Ей ещё ни разу в жизни не доводилось использовать слово «мы» в таком значении — имея в виду людей с севера Англии как некую особую народность.
— А я вот не могу читать Лоуренса. Меня раздражает его самоуверенный, задиристый тон. Его герои не взяты из жизни, таких людей просто не бывает. Да и вообще, сегодня уже мало просто выдумать персонажей, дать им имена, обозначить их место в обществе и приправить всё это многословными описаниями нарядов, богатых поместий да вечеринок. Время подобной литературы прошло.
Он был очень раздражён, он терпеть не мог Лоуренса. К этому она тоже была не готова. Она спросила робко, что же тогда, на его взгляд, стоит читать, — и он моментально забраковал всех её любимых авторов: Толстого, Джордж Элиот, Джейн Остин, — что в них толку, у них, мол, одни лишь пустые подробности. А ведь это её любимые книги, в которых живут любимые и родные персонажи! Князь Андрей с его маленькой княгиней, чувством долга и сомнениями; Доротея Брук[148]

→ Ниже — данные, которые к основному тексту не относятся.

(* Let $A\in\mathbb{R}^{m\times n}$ have no zero row, with rows $a_1^T,\dots,a_m^T$, and let ${\bf u}=(\mu_1,\dots,\mu_m)\in\mathbb{R}^m$. Let $P_k(\mu_k)=I-\mu_k a_ka_k^T/\|a_k\|_2^2$, $Q_j({\bf u}_j)=P_m(\mu_m)\cdots P_{j+1}(\mu_{j+1})$ for $1\le j\le m-1$, $Q_m({\bf u}_m)=I$, and $$A_{\mathcal S}({\bf u})=\big(Q_1({\bf u}_1)a_1,\dots,Q_m({\bf u}_m)a_m\big)^T\in\mathbb{R}^{m\times n}.$$ Then there exists a unit upper triangular matrix $C({\bf u})\in\mathbb{R}^{m\times m}$ such that $A_{\mathcal S}({\bf u})=C({\bf u})A$.
   Context: ${\bf u}_j=(\mu_{j+1},\dots,\mu_m)$. A unit upper triangular matrix is an upper triangular matrix with all diagonal entries equal to $1$. *)

theory Defs
  imports "Jordan_Normal_Form.Matrix"
begin

text \<open>Rows and indices are 0-based: row k of A (k < m) is a_(k+1) of the paper.\<close>

definition proj_P :: "real mat \<Rightarrow> real vec \<Rightarrow> nat \<Rightarrow> real mat" where
  "proj_P A u k = 1\<^sub>m (dim_col A) -
     (u $ k / (row A k \<bullet> row A k)) \<cdot>\<^sub>m
       mat (dim_col A) (dim_col A) (\<lambda>(i, j). row A k $ i * row A k $ j)"

text \<open>Q A u j = P_(m-1) * ... * P_(j+1) (0-based), identity when j = m-1.\<close>
definition prod_Q :: "real mat \<Rightarrow> real vec \<Rightarrow> nat \<Rightarrow> real mat" where
  "prod_Q A u j = foldl (\<lambda>M k. proj_P A u k * M) (1\<^sub>m (dim_col A)) [Suc j..<dim_row A]"

definition A_S :: "real mat \<Rightarrow> real vec \<Rightarrow> real mat" where
  "A_S A u = mat (dim_row A) (dim_col A) (\<lambda>(i, l). (prod_Q A u i *\<^sub>v row A i) $ l)"

definition unit_upper_triangular :: "real mat \<Rightarrow> bool" where
  "unit_upper_triangular C \<longleftrightarrow> upper_triangular C \<and> (\<forall>i < dim_row C. C $$ (i, i) = 1)"

end

theory Submission
  imports Defs
begin

text \<open>Each P_k moves a vector only along a_k: P_k y = y - t a_k. Hence Q_j a_j differs from
  a_j by a linear combination of the later rows a_(j+1), ..., a_m, and collecting these
  coefficients row by row gives a unit upper triangular C with A_S = C A.\<close>

lemma proj_P_carrier: "proj_P A u k \<in> carrier_mat (dim_col A) (dim_col A)"
  unfolding proj_P_def by auto

lemma proj_P_mult_vec:
  assumes "y \<in> carrier_vec (dim_col A)"
  shows "proj_P A u k *\<^sub>v y =
    y - (u $ k / (row A k \<bullet> row A k) * (row A k \<bullet> y)) \<cdot>\<^sub>v row A k"
proof
  let ?r = "row A k" and ?s = "u $ k / (row A k \<bullet> row A k)"
  fix l assume l: "l < dim_vec (y - (?s * (?r \<bullet> y)) \<cdot>\<^sub>v ?r)"
  then have l: "l < dim_col A" by simp
  have "(proj_P A u k *\<^sub>v y) $ l =
      (\<Sum>j<dim_col A. (of_bool (l = j) - ?s * (?r $ l * ?r $ j)) * y $ j)"
    using l assms unfolding proj_P_def
    by (simp add: scalar_prod_def lessThan_atLeast0 row_def of_bool_def)
  also have "\<dots> = (\<Sum>j<dim_col A. of_bool (l = j) * y $ j) -
      ?s * ?r $ l * (\<Sum>j<dim_col A. ?r $ j * y $ j)"
    by (simp add: left_diff_distrib sum_subtractf sum_distrib_left mult.assoc)
  also have "(\<Sum>j<dim_col A. of_bool (l = j) * y $ j) = y $ l"
  proof -
    have "{..<dim_col A} \<inter> {j. l = j} = {l}" using l by auto
    then show ?thesis by simp
  qed
  also have "(\<Sum>j<dim_col A. ?r $ j * y $ j) = ?r \<bullet> y"
    using assms by (simp add: scalar_prod_def lessThan_atLeast0)
  finally show "(proj_P A u k *\<^sub>v y) $ l = (y - (?s * (?r \<bullet> y)) \<cdot>\<^sub>v ?r) $ l"
    using l assms by simp
qed (simp add: proj_P_def)

lemma sum_coeff_minus_insert:
  fixes c :: "'a \<Rightarrow> 'b :: comm_ring"
  assumes "finite K"
  shows "(\<Sum>j\<in>K. c j * f j) - t * f k =
    (\<Sum>j\<in>insert k K. (c(k := (if k \<in> K then c k else 0) - t)) j * f j)"
proof -
  let ?c = "c(k := (if k \<in> K then c k else 0) - t)"
  have "(\<Sum>j\<in>K - {k}. ?c j * f j) = (\<Sum>j\<in>K - {k}. c j * f j)"
    by (rule sum.cong) auto
  then show ?thesis
    using assms by (simp add: sum.insert_remove sum_diff1 algebra_simps)
qed

lemma foldl_proj_P_carrier:
  "foldl (\<lambda>M k. proj_P A u k * M) (1\<^sub>m (dim_col A)) ks \<in> carrier_mat (dim_col A) (dim_col A)"
  by (induction ks rule: rev_induct) (auto intro!: mult_carrier_mat proj_P_carrier)

lemma foldl_proj_P_mult_vec:
  assumes x: "x \<in> carrier_vec (dim_col A)"
  shows "\<exists>c. \<forall>l < dim_col A.
    (foldl (\<lambda>M k. proj_P A u k * M) (1\<^sub>m (dim_col A)) ks *\<^sub>v x) $ l =
      x $ l + (\<Sum>k\<in>set ks. c k * A $$ (k, l))"
proof (induction ks rule: rev_induct)
  case Nil
  show ?case using x by simp
next
  case (snoc k ks)
  let ?G = "foldl (\<lambda>M k. proj_P A u k * M) (1\<^sub>m (dim_col A)) ks"
  obtain c where c:
    "\<forall>l < dim_col A. (?G *\<^sub>v x) $ l = x $ l + (\<Sum>k\<in>set ks. c k * A $$ (k, l))"
    using snoc.IH by blast
  have G: "?G \<in> carrier_mat (dim_col A) (dim_col A)"
    by (rule foldl_proj_P_carrier)
  define t where "t = u $ k / (row A k \<bullet> row A k) * (row A k \<bullet> (?G *\<^sub>v x))"
  let ?c = "c(k := (if k \<in> set ks then c k else 0) - t)"
  have "(foldl (\<lambda>M k. proj_P A u k * M) (1\<^sub>m (dim_col A)) (ks @ [k]) *\<^sub>v x) $ l =
      x $ l + (\<Sum>j\<in>set (ks @ [k]). ?c j * A $$ (j, l))"
    if l: "l < dim_col A" for l
  proof -
    have "(foldl (\<lambda>M k. proj_P A u k * M) (1\<^sub>m (dim_col A)) (ks @ [k]) *\<^sub>v x) $ l =
        (proj_P A u k *\<^sub>v (?G *\<^sub>v x)) $ l"
      using assoc_mult_mat_vec[OF proj_P_carrier G x] by simp
    also have "\<dots> = x $ l + (\<Sum>j\<in>set ks. c j * A $$ (j, l)) - t * A $$ (k, l)"
      using G x l c by (simp add: proj_P_mult_vec t_def row_def)
    also have "\<dots> = x $ l + (\<Sum>j\<in>insert k (set ks). ?c j * A $$ (j, l))"
      by (simp only: add_diff_eq[symmetric]
          sum_coeff_minus_insert[OF finite_set, where f = "\<lambda>j. A $$ (j, l)"])
    finally show ?thesis by simp
  qed
  then show ?case by blast
qed

lemma ex_unit_upper_triangular_factor:
  assumes A: "A \<in> carrier_mat m n" and B: "B \<in> carrier_mat m n"
    and rows: "\<And>i l. i < m \<Longrightarrow> l < n \<Longrightarrow>
      B $$ (i, l) = A $$ (i, l) + (\<Sum>k\<in>{Suc i..<m}. c i k * A $$ (k, l))"
  shows "\<exists>C \<in> carrier_mat m m. unit_upper_triangular C \<and> B = C * A"
proof (intro bexI conjI)
  define C where "C = mat m m (\<lambda>(i, k). if k = i then 1 else if i < k then c i k else 0)"
  show C: "C \<in> carrier_mat m m" unfolding C_def by simp
  show "unit_upper_triangular C"
    unfolding unit_upper_triangular_def upper_triangular_def C_def by simp
  show "B = C * A"
  proof (rule eq_matI)
    fix i l assume "i < dim_row (C * A)" and "l < dim_col (C * A)"
    then have i: "i < m" and l: "l < n" using A C by auto
    have "(C * A) $$ (i, l) = (\<Sum>k\<in>{0..<m}. C $$ (i, k) * A $$ (k, l))"
      using A C i l by (simp add: scalar_prod_def)
    also have "\<dots> = (\<Sum>k\<in>{0..<m}. of_bool (k = i) * A $$ (k, l) +
        of_bool (i < k) * (c i k * A $$ (k, l)))"
      by (rule sum.cong) (auto simp: C_def i)
    also have "\<dots> = A $$ (i, l) + (\<Sum>k\<in>{Suc i..<m}. c i k * A $$ (k, l))"
    proof -
      have "{0..<m} \<inter> {k. k = i} = {i}" "{0..<m} \<inter> {k. i < k} = {Suc i..<m}"
        using i by auto
      then show ?thesis by (simp add: sum.distrib)
    qed
    finally show "B $$ (i, l) = (C * A) $$ (i, l)" using rows[OF i l] by simp
  qed (use A B C in auto)
qed

theorem theorem3p5:
  fixes A :: "real mat" and u :: "real vec" and m n :: nat
  assumes "A \<in> carrier_mat m n"
    and "\<forall>k < m. row A k \<noteq> 0\<^sub>v n"
    and "dim_vec u = m"
  shows "\<exists>C \<in> carrier_mat m m. unit_upper_triangular C \<and> A_S A u = C * A"
proof -
  have A: "dim_row A = m" "dim_col A = n" using assms(1) by auto
  have "\<exists>c. \<forall>l < n.
      A_S A u $$ (i, l) = A $$ (i, l) + (\<Sum>k\<in>{Suc i..<m}. c k * A $$ (k, l))"
    if i: "i < m" for i
  proof -
    have "row A i \<in> carrier_vec (dim_col A)" by simp
    from foldl_proj_P_mult_vec[OF this, of u "[Suc i..<m]"] obtain c where
      "\<forall>l < n. (prod_Q A u i *\<^sub>v row A i) $ l =
        row A i $ l + (\<Sum>k\<in>{Suc i..<m}. c k * A $$ (k, l))"
      unfolding prod_Q_def A by auto
    then show ?thesis using i by (auto simp: A_S_def A)
  qed
  then obtain c where "\<And>i l. i < m \<Longrightarrow> l < n \<Longrightarrow>
      A_S A u $$ (i, l) = A $$ (i, l) + (\<Sum>k\<in>{Suc i..<m}. c i k * A $$ (k, l))"
    by metis
  moreover have "A_S A u \<in> carrier_mat m n" unfolding A_S_def A by simp
  ultimately show ?thesis using ex_unit_upper_triangular_factor[OF assms(1)] by blast
qed

end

, которая решила из моральных побуждений принять предложение высохшего священника; другой священник, Генри Тилни[149], который полюбил только в ответ и потому, что ему нравилось обожание… Очень странным был этот первый разговор с Рафаэлем Фабером. Казалось, Рафаэль был невероятно с ней чуток и вежлив; и в то же время с какой-то настойчивой, нервной решительностью открывал ей кусочки своего «я», вещи, которые она просто не способна была вообразить (в отличие от более понятных ей душевных движений и поступков Руперта Биркина[150] и Пьера Безухова). Настроение его менялось во мгновение ока: то он с яростью блестящего теоретика напускался на любые произведения, в которых есть выдуманные герои, на литературные вычуры, на провинциально-островной характер английской словесности и косноязычие здешних писателей, то вдруг голос его делался мягок и успокоителен. Такому разговору (по всем признакам его и эмоциям) впору было происходить между влюблёнными, когда они впервые пытаются узнать друг друга, рассказывают свою жизнь в обмен на такой же рассказ. (После этой беседы он уже никогда не двинется ей навстречу с той же лёгкостью и откровенностью, как в этот первый раз.) А Фредерика, та еле-еле, мучительно подбирала нужные слова. Ещё бы, ведь Рафаэль — человек без родного языка! До разговора с ним она не задумывалась о том, что её родной язык может быть не понят, успех общения, полагала она, зависит лишь от неё, от её владения речью. Но, увы, всё, что она ни говорила, было для него пустым звуком, к тому же он из принципа, наверное, презирал весь очерк, весь сюжет её предшествующей жизни.Когда собиралась уходить, он дал ей две книги: «La Nausée» и «Мёрфи»[151]
; а ещё — несколько тоненьких машинописных листков, стихи!— Мне бы хотелось узнать ваше мнение. Я назвал это стихотворение «Любекские колокола» — колокола, что в церкви Святой Марии в Любеке. Я туда ездил в пятидесятом, посмотреть на родные места. Во время бомбардировки город почти сровняли с землёй. Все церковные ценности спрятаны были в подвалах под колокольней — считалось, это самое безопасное место. Когда стали рваться авиабомбы, колокола слетели с колокольни, словно украшения с торта. Слетели и впечатались в мостовую. Там они и пребывают поныне, тонны искорёженного металла. Решили их оставить как есть, и строят вокруг них капеллу. И вот мне захотелось… написать об истории Европы. Но там конца ещё не видно.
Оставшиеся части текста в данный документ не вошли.